A work test currently applies to anyone wishing to make personal contributions between the ages of 67 and 74 years old (inclusive). It requires a person to work at least 40 hours in 30 consecutive days in a financial year before they can make personal contributions to super. The work test also applies to salary sacrifice arrangements.

From 1 July 2022, the government proposes to abolish the work test for non-concessional contributions (including ‘bring forward’ contributions) and salary sacrifice contributions for anyone aged between 67 and 74 years old. It also applies to contributions made for a person’s spouse.

However, the work test will continue for anyone wishing to claim a tax deduction for personal superannuation contributions.

This change will not only allow members to increase their superannuation balances but also makes it easier for a couple to rebalance them to maximise their transfer balance caps.

SMSF residency requirements to be relaxed

To gain tax concessions, superannuation funds are required to meet three tests to qualify as an ‘Australian superannuation fund’. These include the establishment test, central management and control test, and active member test. In some situations, SMSFs are unable to meet the definition if members were temporarily absent from Australia and made contributions to the fund. The penalty is that the fund would be taxed as a non-complying superannuation fund and the income and assets are taxed at 45%, resulting in a significant penalty for a relatively minor breach of the rules.

The government has announced that it will relax the residency requirements for SMSFs and small APRA funds (SAFs) by extending the time trustees can be temporarily absent from Australian from two to five years and continue to meet the central management and control test. In addition, the active member test, which restricted contributions being made to an SMSF or SAF when members were overseas, is proposed to be abolished.

Members of SMSFs and SAFs will have the opportunity to continue contributing to their preferred fund when undertaking work or pursuing other activities overseas. It is anticipated that the change is expected to commence from 1 July 2022.

SMSF legacy pension conversion

The Government will (finally) allow individuals within SMSFs to exit a specified range of legacy retirement products, together with any associated reserves, for a two-year period. The measure will have effect from the first financial year after the date of Royal Assent of the enabling legislation. The measure will include market-linked, life-expectancy and lifetime products, but not flexi-pension products or a lifetime product in a large APRA-regulated or public sector defined benefit scheme.

Previously, your client could only roll over to a like for like product. By allowing members to get full access to the underlying capital and reserves of their old defined benefit products, they can enjoy the benefits of more flexible retirement products. Please note any new pension may now become assessable by Centrelink for the aged pension.

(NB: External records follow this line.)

(* Let $q$ be a prime power, $m,u,v$ positive integers, and let $\mathbf y=(y_0,\dots,y_{v-1})\in\mathrm{GF}(q^m)^v$ have rank $w$. Then for every integer $s\ge w$, the number of vectors $\mathbf z=(z_0,\dots,z_{u-1})\in\mathrm{GF}(q^m)^u$ such that $\mathbf x=(\mathbf y,\mathbf z)\in\mathrm{GF}(q^m)^{u+v}$ has rank $s$ is exactly $${u\brack s-w}A(m-w,s-w)\,q^{wu}.$$
   Context: For a vector over $\mathrm{GF}(q^m)$, its rank is the dimension over $\mathrm{GF}(q)$ of the $\mathrm{GF}(q)$-span of its coordinates. $A(a,0)=1$ and $A(a,j)=\prod_{i=0}^{j-1}(q^a-q^i)$ for $j\ge1$; the Gaussian binomial is ${u\brack j}=A(u,j)/A(j,j)$ (which is $0$ when $j>u$). *)

theory Defs
  imports "HOL-Algebra.Embedded_Algebras" "HOL-Computational_Algebra.Primes"
begin

definition rank_over :: "'a ring \<Rightarrow> 'a set \<Rightarrow> 'a list \<Rightarrow> nat" where
  "rank_over R K xs = ring.dim R K (ring.Span R K xs)"

definition A_fun :: "nat \<Rightarrow> nat \<Rightarrow> nat \<Rightarrow> real" where
  "A_fun q a j = (\<Prod>i<j. (real q ^ a - real q ^ i))"

definition gauss_binom :: "nat \<Rightarrow> nat \<Rightarrow> nat \<Rightarrow> real" where
  "gauss_binom q u j = A_fun q u j / A_fun q j j"

end

theory Submission
  imports Defs
begin

text \<open>Peel off the first coordinate a of z. If a lies in the span of y (q^w choices), the
  rank of (y, a) is still w; otherwise (q^m - q^w choices) it is w + 1. So the number N(u, w)
  of admissible z of length u satisfies N(u+1, w) = q^w N(u, w) + (q^m - q^w) N(u, w+1), the
  recursion defining rank_extension_count, and the closed form satisfies the same recursion by
  the q-Pascal identity for Gaussian binomials.\<close>

lemma card_lists_length_Suc:
  assumes "finite A"
  shows "card {xs. length xs = Suc n \<and> set xs \<subseteq> A \<and> P xs}
       = (\<Sum>a\<in>A. card {xs. length xs = n \<and> set xs \<subseteq> A \<and> P (a # xs)})"
proof -
  define L where "L a = {xs. length xs = n \<and> set xs \<subseteq> A \<and> P (a # xs)}" for a
  have "{xs. length xs = Suc n \<and> set xs \<subseteq> A \<and> P xs} = (\<Union>a\<in>A. (#) a ` L a)"
    by (auto simp: L_def length_Suc_conv)
  moreover have "finite (L a)" for a
    using finite_lists_length_eq[OF assms, of n] by (rule rev_finite_subset) (auto simp: L_def)
  ultimately have "card {xs. length xs = Suc n \<and> set xs \<subseteq> A \<and> P xs}
      = (\<Sum>a\<in>A. card ((#) a ` L a))"
    using assms by (auto intro: card_UN_disjoint)
  also have "\<dots> = (\<Sum>a\<in>A. card (L a))"
    by (intro sum.cong refl card_image) (simp add: inj_on_def)
  finally show ?thesis by (simp add: L_def)
qed

context ring
begin

lemma card_dimension:
  assumes K: "subfield K R" and "finite K" and "dimension n K E"
  shows "card E = card K ^ n"
proof -
  obtain Vs where Vs: "set Vs \<subseteq> carrier R" "independent K Vs" "length Vs = n" "Span K Vs = E"
    using exists_base[OF K assms(3)] by blast
  let ?coeffs = "{Ks. set Ks \<subseteq> K \<and> length Ks = n}"
  have image: "(\<lambda>Ks. combine Ks Vs) ` ?coeffs = E"
    using Span_eq_combine_set_length_version[OF K Vs(1)] Vs(3,4) by auto
  have "inj_on (\<lambda>Ks. combine Ks Vs) ?coeffs"
  proof (rule inj_onI)
    fix Ks Ks' assume Ks: "Ks \<in> ?coeffs" "Ks' \<in> ?coeffs" "combine Ks Vs = combine Ks' Vs"
    then have "combine Ks Vs \<in> Span K Vs" using image Vs(4) by blast
    from unique_decomposition[OF K Vs(2) this] show "Ks = Ks'" using Ks Vs(3) by auto
  qed
  then have "card E = card ?coeffs" using card_image image by fastforce
  also have "\<dots> = card K ^ n" using card_lists_length_eq[OF \<open>finite K\<close>] by (simp add: conj_commute)
  finally show ?thesis .
qed

lemma dimension_dim_Span:
  assumes "subfield K R" and "set Us \<subseteq> carrier R"
  shows "dimension (dim K (Span K Us)) K (Span K Us)"
  using finite_dimensionE[OF assms(1) Span_finite_dimension[OF assms]] by (simp add: over_def)

lemma Span_Cons_mem:
  assumes K: "subfield K R" and Us: "set Us \<subseteq> carrier R" and a: "a \<in> Span K Us"
  shows "Span K (a # Us) = Span K Us"
proof
  have "a \<in> carrier R" using Span_in_carrier[OF subfieldE(3)[OF K] Us] a by blast
  then show "Span K Us \<subseteq> Span K (a # Us)" using mono_Span[OF K Us] by blast
  have "set (a # Us) \<subseteq> Span K Us" using Span_base_incl[OF K Us] a by simp
  then show "Span K (a # Us) \<subseteq> Span K Us" by (rule mono_Span_subset[OF K _ Us])
qed

lemma dim_Span_Cons_not_mem:
  assumes K: "subfield K R" and Us: "set Us \<subseteq> carrier R"
    and "a \<in> carrier R" and "a \<notin> Span K Us"
  shows "dim K (Span K (a # Us)) = Suc (dim K (Span K Us))"
proof -
  have "dimension (Suc (dim K (Span K Us))) K (line_extension K a (Span K Us))"
    using Suc_dim[OF assms(3,4) dimension_dim_Span[OF K Us]] .
  then show ?thesis using dimI[OF K] by (simp add: over_def)
qed

lemma dim_Span_le:
  assumes K: "subfield K R" and fin: "finite (carrier R)"
    and card_R: "card (carrier R) = card K ^ m" and "set Us \<subseteq> carrier R"
  shows "dim K (Span K Us) \<le> m"
proof -
  have "K \<subseteq> carrier R" using subfieldE(3)[OF K] .
  have "card {\<zero>, \<one>} \<le> card K"
    using subringE(2,3)[OF subfieldE(1)[OF K]] finite_subset[OF \<open>K \<subseteq> carrier R\<close> fin]
    by (intro card_mono) auto
  then have "1 < card K" using subfieldE(6)[OF K] by simp
  have "card K ^ dim K (Span K Us) = card (Span K Us)"
    using card_dimension[OF K finite_subset[OF \<open>K \<subseteq> carrier R\<close> fin]
        dimension_dim_Span[OF K assms(4)]] ..
  also have "\<dots> \<le> card K ^ m"
    using card_mono[OF fin Span_in_carrier[OF \<open>K \<subseteq> carrier R\<close> assms(4)]] card_R by simp
  finally show ?thesis
    by (rule power_le_imp_le_exp[OF \<open>1 < card K\<close>])
qed

end

lemma A_fun_Suc: "A_fun q a (Suc j) = A_fun q a j * (real q ^ a - real q ^ j)"
  by (simp add: A_fun_def)

lemma A_fun_Suc_Suc: "A_fun q (Suc a) (Suc j) = (real q ^ Suc a - 1) * real q ^ j * A_fun q a j"
proof -
  have "A_fun q (Suc a) (Suc j) = (real q ^ Suc a - 1) * (\<Prod>i<j. real q ^ Suc a - real q ^ Suc i)"
    unfolding A_fun_def by (subst prod.lessThan_Suc_shift) simp
  also have "(\<Prod>i<j. real q ^ Suc a - real q ^ Suc i) = (\<Prod>i<j. real q * (real q ^ a - real q ^ i))"
    by (simp add: algebra_simps)
  also have "\<dots> = real q ^ j * A_fun q a j"
    by (simp add: prod.distrib A_fun_def)
  finally show ?thesis by simp
qed

lemma A_fun_eq_0: "a < j \<Longrightarrow> A_fun q a j = 0"
  unfolding A_fun_def by (rule prod_zero) auto

lemma A_fun_diag_neq_0:
  assumes "1 < q"
  shows "A_fun q j j \<noteq> 0"
  using power_strict_increasing[of _ j "real q"] assms by (auto simp: A_fun_def)

lemma gauss_binom_eq_0: "u < j \<Longrightarrow> gauss_binom q u j = 0"
  by (simp add: gauss_binom_def A_fun_eq_0)

lemma gauss_binom_Suc_Suc:
  assumes q: "1 < q"
  shows "real q ^ j * gauss_binom q (Suc u) (Suc j)
       = real q ^ j * gauss_binom q u (Suc j) + real q ^ u * gauss_binom q u j"
proof -
  define d where "d = real q ^ Suc j - 1"
  have "d \<noteq> 0" using one_less_power[of "real q" "Suc j"] q by (simp add: d_def)
  have diag: "A_fun q (Suc j) (Suc j) = d * real q ^ j * A_fun q j j"
    unfolding d_def by (rule A_fun_Suc_Suc)
  have "A_fun q j j \<noteq> 0" "0 < q" using A_fun_diag_neq_0[OF q] q by auto
  with \<open>d \<noteq> 0\<close>
  have upper: "d * gauss_binom q (Suc u) (Suc j) = (real q ^ Suc u - 1) * gauss_binom q u j"
    and lower: "d * (real q ^ j * gauss_binom q u (Suc j)) = (real q ^ u - real q ^ j) * gauss_binom q u j"
    unfolding gauss_binom_def diag A_fun_Suc_Suc[of q u j] A_fun_Suc[of q u j]
    by (simp_all add: field_simps)
  have "d * (real q ^ j * gauss_binom q (Suc u) (Suc j)) = real q ^ j * (d * gauss_binom q (Suc u) (Suc j))"
    by (rule mult.left_commute)
  also have "\<dots> = real q ^ j * ((real q ^ Suc u - 1) * gauss_binom q u j)"
    by (simp only: upper)
  also have "\<dots> = ((real q ^ u - real q ^ j) + real q ^ u * d) * gauss_binom q u j"
    by (simp add: d_def algebra_simps)
  also have "\<dots> = d * (real q ^ j * gauss_binom q u (Suc j) + real q ^ u * gauss_binom q u j)"
    using lower by (simp add: algebra_simps)
  finally show ?thesis using \<open>d \<noteq> 0\<close> by simp
qed

fun rank_extension_count :: "nat \<Rightarrow> nat \<Rightarrow> nat \<Rightarrow> nat \<Rightarrow> nat \<Rightarrow> real" where
  "rank_extension_count q m 0 w s = (if s = w then 1 else 0)"
| "rank_extension_count q m (Suc u) w s =
     real q ^ w * rank_extension_count q m u w s
     + (real q ^ m - real q ^ w) * rank_extension_count q m u (Suc w) s"

lemma rank_extension_count_eq_0:
  "s < w \<Longrightarrow> rank_extension_count q m u w s = 0"
  by (induction u arbitrary: w) auto

lemma rank_extension_count_closed_form:
  assumes q: "1 < q" and "w \<le> m" and "w \<le> s"
  shows "rank_extension_count q m u w s
       = gauss_binom q u (s - w) * A_fun q (m - w) (s - w) * real q ^ (w * u)"
  using assms(2,3)
proof (induction u arbitrary: w)
  case 0
  show ?case
  proof (cases "s = w")
    case True
    then show ?thesis by (simp add: gauss_binom_def A_fun_def)
  next
    case False
    then have "gauss_binom q 0 (s - w) = 0" using 0 by (intro gauss_binom_eq_0) simp
    with False show ?thesis by simp
  qed
next
  case (Suc u)
  consider "s = w" | j where "s = w + Suc j" "m = w" | j n where "s = w + Suc j" "m = w + Suc n"
  proof -
    have "s = w \<or> s = w + Suc (s - w - 1)" "m = w \<or> m = w + Suc (m - w - 1)"
      using Suc.prems by auto
    with that show thesis by blast
  qed
  then show ?case
  proof cases
    case 1
    have "rank_extension_count q m u w s = real q ^ (w * u)"
      using Suc.IH[OF Suc.prems] 1 by (simp add: gauss_binom_def A_fun_def)
    moreover have "rank_extension_count q m u (Suc w) s = 0"
      using 1 by (simp add: rank_extension_count_eq_0)
    ultimately show ?thesis
      using 1 by (simp add: gauss_binom_def A_fun_def power_add mult_Suc_right)
  next
    case 2
    then have "rank_extension_count q m u w s = 0"
      using Suc.IH[OF Suc.prems] by (simp add: A_fun_eq_0)
    with 2 show ?thesis by (simp add: A_fun_eq_0)
  next
    case (3 j n)
    have IH: "rank_extension_count q m u w s
        = gauss_binom q u (Suc j) * A_fun q (Suc n) (Suc j) * real q ^ (w * u)"
      "rank_extension_count q m u (Suc w) s
        = gauss_binom q u j * A_fun q n j * real q ^ (Suc w * u)"
      using Suc.IH[of w] Suc.IH[of "Suc w"] 3 by simp_all
    have "gauss_binom q (Suc u) (Suc j) * A_fun q (Suc n) (Suc j) * real q ^ (w * Suc u)
        = real q ^ (w * Suc u) * (real q ^ Suc n - 1) * A_fun q n j
          * (real q ^ j * gauss_binom q (Suc u) (Suc j))"
      by (simp add: A_fun_Suc_Suc)
    also have "\<dots> = real q ^ (w * Suc u) * (real q ^ Suc n - 1) * A_fun q n j
        * (real q ^ j * gauss_binom q u (Suc j) + real q ^ u * gauss_binom q u j)"
      by (simp only: gauss_binom_Suc_Suc[OF q])
    also have "\<dots> = rank_extension_count q m (Suc u) w s"
    proof -
      have "real q ^ (w * Suc u) = real q ^ w * real q ^ (w * u)"
        "real q ^ (Suc w * u) = real q ^ u * real q ^ (w * u)"
        "real q ^ m - real q ^ w = real q ^ w * (real q ^ Suc n - 1)"
        by (simp_all add: 3 power_add algebra_simps)
      then show ?thesis
        unfolding rank_extension_count.simps IH A_fun_Suc_Suc
        by (simp only:) (simp add: algebra_simps del: power_Suc)
    qed
    finally show ?thesis using 3 by simp
  qed
qed

context ring
begin

lemma card_extensions_dim_Span:
  assumes K: "subfield K R" and fin: "finite (carrier R)"
    and card_R: "card (carrier R) = card K ^ m" and "set y \<subseteq> carrier R"
  shows "real (card {z. length z = u \<and> set z \<subseteq> carrier R \<and> dim K (Span K (y @ z)) = s})
       = rank_extension_count (card K) m u (dim K (Span K y)) s"
  using assms(4)
proof (induction u arbitrary: y)
  case 0
  have "{z. length z = 0 \<and> set z \<subseteq> carrier R \<and> dim K (Span K (y @ z)) = s}
      = (if dim K (Span K y) = s then {[]} else {})"
    by auto
  then show ?case by simp
next
  case (Suc u)
  define W where "W = Span K y"
  define w where "w = dim K W"
  define Ext where "Ext y' = {z. length z = u \<and> set z \<subseteq> carrier R \<and> dim K (Span K (y' @ z)) = s}" for y'
  define N where "N y' = rank_extension_count (card K) m u (dim K (Span K y')) s" for y'
  have IH: "real (card (Ext y')) = N y'" if "set y' \<subseteq> carrier R" for y'
    unfolding Ext_def N_def by (rule Suc.IH[OF that])
  have W_sub: "W \<subseteq> carrier R"
    unfolding W_def by (rule Span_in_carrier[OF subfieldE(3)[OF K] Suc.prems])
  have card_W: "card W = card K ^ w"
    unfolding w_def W_def
    by (rule card_dimension[OF K _ dimension_dim_Span[OF K Suc.prems]])
       (rule finite_subset[OF subfieldE(3)[OF K] fin])
  then have card_diff: "real (card (carrier R - W)) = real (card K) ^ m - real (card K) ^ w"
    using card_mono[OF fin W_sub] card_R card_Diff_subset[OF finite_subset[OF W_sub fin] W_sub]
    by (simp add: of_nat_diff)
  have Span_snoc: "Span K (y @ [a]) = Span K (a # y)" if "a \<in> carrier R" for a
    using Span_same_set[OF K, of "y @ [a]" "a # y"] Suc.prems that by simp
  have N_in: "N (y @ [a]) = rank_extension_count (card K) m u w s" if "a \<in> W" for a
    using Span_snoc Span_Cons_mem[OF K Suc.prems] that W_sub unfolding N_def W_def w_def by auto
  have N_out: "N (y @ [a]) = rank_extension_count (card K) m u (Suc w) s"
    if "a \<in> carrier R - W" for a
    using Span_snoc dim_Span_Cons_not_mem[OF K Suc.prems] that unfolding N_def W_def w_def by auto
  have "real (card {z. length z = Suc u \<and> set z \<subseteq> carrier R \<and> dim K (Span K (y @ z)) = s})
      = (\<Sum>a\<in>carrier R. real (card (Ext (y @ [a]))))"
    by (simp add: card_lists_length_Suc[OF fin] Ext_def)
  also have "\<dots> = (\<Sum>a\<in>carrier R. N (y @ [a]))"
    using IH Suc.prems by (intro sum.cong refl) simp
  also have "\<dots> = (\<Sum>a\<in>carrier R - W. N (y @ [a])) + (\<Sum>a\<in>W. N (y @ [a]))"
    by (rule sum.subset_diff[OF W_sub fin])
  also have "\<dots> = (real (card K) ^ m - real (card K) ^ w)
        * rank_extension_count (card K) m u (Suc w) s
      + real (card K) ^ w * rank_extension_count (card K) m u w s"
    using N_in N_out card_diff card_W by simp
  finally show ?case unfolding w_def W_def by (simp add: algebra_simps del: Span.simps)
qed


end

theorem lemma8:
  fixes R :: "'a ring" and K :: "'a set" and q m u v w s :: nat and y :: "'a list"
  assumes "\<exists>p k. prime p \<and> k > 0 \<and> q = p ^ k"
    and "field R" and "finite (carrier R)" and "card (carrier R) = q ^ m"
    and "subfield K R" and "card K = q"
    and "m > 0" and "u > 0" and "v > 0"
    and "length y = v" and "set y \<subseteq> carrier R"
    and "rank_over R K y = w"
    and "s \<ge> w"
  shows "real (card {z. length z = u \<and> set z \<subseteq> carrier R \<and> rank_over R K (y @ z) = s})
           = gauss_binom q u (s - w) * A_fun q (m - w) (s - w) * real q ^ (w * u)"
proof -
  interpret field R by fact
  obtain p k where "prime p" "0 < k" "q = p ^ k" using assms(1) by blast
  then have "1 < q" using prime_gt_1_nat one_less_power by blast
  have card_R: "card (carrier R) = card K ^ m" using assms(4,6) by simp
  have "w \<le> m"
    using dim_Span_le[OF assms(5,3) card_R assms(11)] assms(12) by (simp add: rank_over_def)
  have "real (card {z. length z = u \<and> set z \<subseteq> carrier R \<and> rank_over R K (y @ z) = s})
      = rank_extension_count q m u w s"
    using card_extensions_dim_Span[OF assms(5,3) card_R assms(11)] assms(6,12)
    by (simp add: rank_over_def)
  also have "\<dots> = gauss_binom q u (s - w) * A_fun q (m - w) (s - w) * real q ^ (w * u)"
    by (rule rank_extension_count_closed_form[OF \<open>1 < q\<close> \<open>w \<le> m\<close> assms(13)])
  finally show ?thesis .
qed

end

ATO clarifies impact of contribution indexing and bring forward NCC

Last month, we incorrectly reported that your client can bring forward an extra $20,000 of non-concessional contributions given the NCC cap increases to $110,000 from 1 July 2021. The ATO has published on its website that only $100,000 per year for the next two years and be brought forward despite the cap increasing to $110,000. So based on a member balance of $1 million, your client can contribute under the bring forward rules a non-concessional contribution of $300,000 in this financial year and $330,000 in the following year.